They do the work acceptably not perfectly every time. Your management within the aggregate however much they might say they care about other things, they want the work done and they want the product out the door. They want the money to be coming in because that's what businesses do. We can't pretend that those pressures don't exist.

It frustrates the hell out of me when I say accident reports that say there was commercial pressure to get this project done. As in every single project around the world ever, there was not constant pressure to get the job done on time for enough money.

David: Which is why I think there are some things that we can be monitoring in our performance measurement that might give us some insights into the real time nature of risk in our business.
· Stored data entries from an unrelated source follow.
lemma joint_ML_error_prob_le:
  fixes sel :: "'y list \<Rightarrow> nat \<Rightarrow> nat"
  assumes "0 < M" "0 < L" and len: "length xs = M * L"
    and D: "0 \<le> D" "ereal D \<le> dstar P \<Delta> \<delta>"
    and maxlik: "\<And>ys. length ys = M * L \<Longrightarrow> is_ML P L M xs ys (sel ys)"
  shows "(\<Sum>ys\<in>{ys. length ys = M * L}. (\<Prod>k<M * L. P (xs ! k, ys ! k)) *
            (if \<xi> \<le> Xi \<Delta> \<delta> L M xs (sel ys) then 1 else 0))
         \<le> min (PXs xs) (exp (- (\<xi> * M * L * D)))"
proof -
  define Ys where "Ys = {ys::'y list. length ys = M * L}"
  define Z where "Z = bad_arrangements \<Delta> \<delta> \<xi> L M xs"
  define error where "error ys = (if \<xi> \<le> Xi \<Delta> \<delta> L M xs (sel ys) then 1 else (0::real))" for ys
  define E where "E = exp (- (\<xi> * M * L * D))"
  have "finite Ys"
    unfolding Ys_def using finite_lists_length_eq[of "UNIV :: 'y set"] by simp
  have "(\<Sum>ys\<in>Ys. lik P xs ys * error ys) \<le> (\<Sum>ys\<in>Ys. lik P xs ys)"
    by (intro sum_mono) (simp add: error_def lik_nonneg)
  also have "\<dots> = 1"
    using sum_lik[of xs] by (simp add: Ys_def len)
  finally have le_1: "(\<Sum>ys\<in>Ys. lik P xs ys * error ys) \<le> 1" .
  have "(\<Sum>ys\<in>Ys. lik P xs ys * error ys) \<le> (\<Sum>ys\<in>Ys. \<Sum>z\<in>Z. sqrt (lik P xs ys * lik P z ys))"
    using lik_le_sum_sqrt_lik_if_error[OF len \<open>0 < M\<close> maxlik]
    by (intro sum_mono) (auto simp: error_def Ys_def Z_def lik_nonneg intro!: sum_nonneg)
  also have "\<dots> = (\<Sum>z\<in>Z. \<Sum>ys\<in>Ys. sqrt (lik P xs ys * lik P z ys))"
    by (rule sum.swap)
  also have "\<dots> \<le> (\<Sum>z\<in>Z. E)"
  proof (rule sum_mono)
    fix z assume "z \<in> Z"
    then show "(\<Sum>ys\<in>Ys. sqrt (lik P xs ys * lik P z ys)) \<le> E"
      using sum_sqrt_lik_mult_le_exp[OF len length_arrangements[OF len] \<open>0 < L\<close> D, of z "\<xi> * M"]
      by (simp add: Ys_def Z_def bad_arrangements_def E_def mult.assoc)
  qed
  finally have le_card: "(\<Sum>ys\<in>Ys. lik P xs ys * error ys) \<le> real (card Z) * E" by simp
  have "(\<Sum>ys\<in>Ys. (\<Prod>k<M * L. P (xs ! k, ys ! k)) * error ys)
      = PXs xs * (\<Sum>ys\<in>Ys. lik P xs ys * error ys)"
    by (simp add: PXs_def lik_def len P_eq_PX_mult_Wc prod.distrib sum_distrib_left mult.assoc)
  also have "\<dots> \<le> min (PXs xs) E"
  proof (rule min.boundedI)
    show "PXs xs * (\<Sum>ys\<in>Ys. lik P xs ys * error ys) \<le> PXs xs"
      using le_1 PXs_pos by (simp add: mult_left_le)
    have "PXs xs * (\<Sum>ys\<in>Ys. lik P xs ys * error ys) \<le> (real (card Z) * PXs xs) * E"
      using mult_left_mono[OF le_card less_imp_le[OF PXs_pos]] by (simp add: ac_simps)
    also have "\<dots> \<le> E"
      using card_mult_PXs_le_1[OF len, of Z] by (simp add: Z_def bad_arrangements_def E_def mult_left_le_one_le)
    finally show "PXs xs * (\<Sum>ys\<in>Ys. lik P xs ys * error ys) \<le> E" .
  qed
  finally show ?thesis unfolding Ys_def error_def E_def .
qed

lemma FP_nonneg: "0 \<le> FP P \<Delta> \<beta> \<delta> \<xi> sel M"
  unfolding FP_def Let_def
  by (rule sum_nonneg) (simp add: case_prod_unfold prod_nonneg P_nonneg)

lemma FP_le_exp:
  assumes "0 < M" "0 < fraglen \<beta> M" and D: "0 \<le> D" "ereal D \<le> dstar P \<Delta> \<delta>"
    and "0 \<le> s" "s \<le> 1"
    and sel_ML: "\<And>xs ys. length xs = M * fraglen \<beta> M \<Longrightarrow> length ys = M * fraglen \<beta> M \<Longrightarrow>
                   is_ML P (fraglen \<beta> M) M xs ys (sel M xs ys)"
  shows "FP P \<Delta> \<beta> \<delta> \<xi> sel M
    \<le> exp (real (M * fraglen \<beta> M) * (ln (\<Sum>x\<in>UNIV. PX P x powr (1 - s)) - s * \<xi> * D))"
proof -
  define L where "L = fraglen \<beta> M"
  define N where "N = M * L"
  define S where "S = (\<Sum>x\<in>UNIV. PX P x powr (1 - s))"
  define E where "E = exp (- (\<xi> * M * L * D))"
  have "0 < S"
    unfolding S_def using PX_pos by (intro sum_pos) (auto simp: less_le)
  have "{(xs, ys). length xs = N \<and> length ys = N} = {xs::'x list. length xs = N} \<times> {ys::'y list. length ys = N}"
    by auto
  then have "FP P \<Delta> \<beta> \<delta> \<xi> sel M = (\<Sum>xs\<in>{xs. length xs = N}. \<Sum>ys\<in>{ys. length ys = N}.
        (\<Prod>k<N. P (xs ! k, ys ! k)) * (if \<xi> \<le> Xi \<Delta> \<delta> L M xs (sel M xs ys) then 1 else 0))"
    unfolding FP_def Let_def L_def[symmetric] N_def[symmetric] by (simp add: sum.cartesian_product)
  also have "\<dots> \<le> (\<Sum>xs\<in>{xs. length xs = N}. min (PXs xs) E)"
    using joint_ML_error_prob_le[OF \<open>0 < M\<close> _ _ D] sel_ML assms(2)
    by (intro sum_mono) (simp add: N_def L_def E_def)
  also have "\<dots> \<le> (\<Sum>xs\<in>{xs. length xs = N}. PXs xs powr (1 - s) * E powr s)"
    using assms(5,6) PXs_pos by (intro sum_mono min_le_powr_mult_powr) (auto simp: E_def)
  also have "\<dots> = S ^ N * E powr s"
    by (simp add: S_def sum_PXs_powr sum_distrib_right[symmetric])
  also have "\<dots> = exp (real N * (ln S - s * \<xi> * D))"
    using \<open>0 < S\<close>
    by (simp add: E_def N_def powr_def powr_realpow[symmetric] exp_add[symmetric] algebra_simps)
  finally show ?thesis unfolding N_def L_def S_def .
qed
subsection \<open>Linear recurrences with distinct characteristic roots\<close>

text \<open>\<open>poly_shift p f\<close> is \<open>p(E) f\<close> for the shift operator \<open>(E f) n = f (n + 1)\<close>.\<close>

definition poly_shift :: "'a::comm_semiring_0 poly \<Rightarrow> (nat \<Rightarrow> 'a) \<Rightarrow> nat \<Rightarrow> 'a" where
  "poly_shift p f n = (\<Sum>k\<le>degree p. coeff p k * f (n + k))"

lemma poly_shift_eq_sum_lessThan:
  "degree p < N \<Longrightarrow> poly_shift p f n = (\<Sum>k<N. coeff p k * f (n + k))"
  unfolding poly_shift_def by (rule sum.mono_neutral_left) (auto simp: coeff_eq_0)

lemma poly_shift_1 [simp]: "poly_shift 1 f n = f n"
  by (simp add: poly_shift_def)

lemma poly_shift_linear_factor:
  fixes a :: "'a::comm_ring_1"
  shows "poly_shift ([:-a, 1:] * p) f n = poly_shift p (\<lambda>m. f (Suc m) - a * f m) n"
proof -
  let ?M = "Suc (degree p)"
  have deg: "degree ([:-a, 1:] * p) < Suc ?M"
    using degree_mult_le[of "[:-a, 1:]" p] by simp
  have coeff: "coeff ([:-a, 1:] * p) k = coeff (pCons 0 p) k - a * coeff p k" for k
    by (simp add: mult_pCons_left)
  have "poly_shift ([:-a, 1:] * p) f n
      = (\<Sum>k<Suc ?M. coeff (pCons 0 p) k * f (n + k) - a * (coeff p k * f (n + k)))"
    unfolding poly_shift_eq_sum_lessThan[OF deg] coeff by (simp add: left_diff_distrib mult.assoc)
  also have "\<dots> = (\<Sum>k<Suc ?M. coeff (pCons 0 p) k * f (n + k))
      - a * (\<Sum>k<Suc ?M. coeff p k * f (n + k))"
    by (simp only: sum_subtractf sum_distrib_left)
  also have "(\<Sum>k<Suc ?M. coeff (pCons 0 p) k * f (n + k))
      = (\<Sum>k<?M. coeff p k * f (Suc (n + k)))"
    by (subst sum.lessThan_Suc_shift) simp
  also have "(\<Sum>k<Suc ?M. coeff p k * f (n + k)) = (\<Sum>k<?M. coeff p k * f (n + k))"
    by (simp add: coeff_eq_0)
  also have "(\<Sum>k<?M. coeff p k * f (Suc (n + k))) - a * (\<Sum>k<?M. coeff p k * f (n + k))
      = (\<Sum>k<?M. coeff p k * (f (Suc (n + k)) - a * f (n + k)))"
    by (simp only: right_diff_distrib sum_subtractf sum_distrib_left mult.left_commute)
  also have "\<dots> = poly_shift p (\<lambda>m. f (Suc m) - a * f m) n"
    by (rule poly_shift_eq_sum_lessThan[symmetric]) simp
  finally show ?thesis .
qed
It is this combination as if I'm a manager in an organization, it's how efficient can I be, how much can I get for the resources that I put in. For the workers, it's how can I meet the acceptable requirements of my job for the least effort.

Like you said, they're both pressures that push work towards being, in some ways, less and less safe. Yet, we've got these safety margins, we've got what Rasmussen goes on. He talks about defense in depth. He talks about all these different controls to try to protect ourselves now at the late 90s, which means we've got lots of redundant controls that we actually never rely on or we never use. The value of one control doesn't result in immediate consequences to the person like what we're talking about just in that example earlier.

You're also in the situation now in our organizations where the behavior of what someone else does depends on the possible actions of another person. What Rasmussen says is that any system that is designed according to this defense in depth, where you've got these multiple controls in this big safety margin will always systematically degenerate. So there's always going to be this pressure for cost effectiveness, and we'll get this drift and this trade off. It will be a constant effort required to maintain controls, which are not used in the work every single day.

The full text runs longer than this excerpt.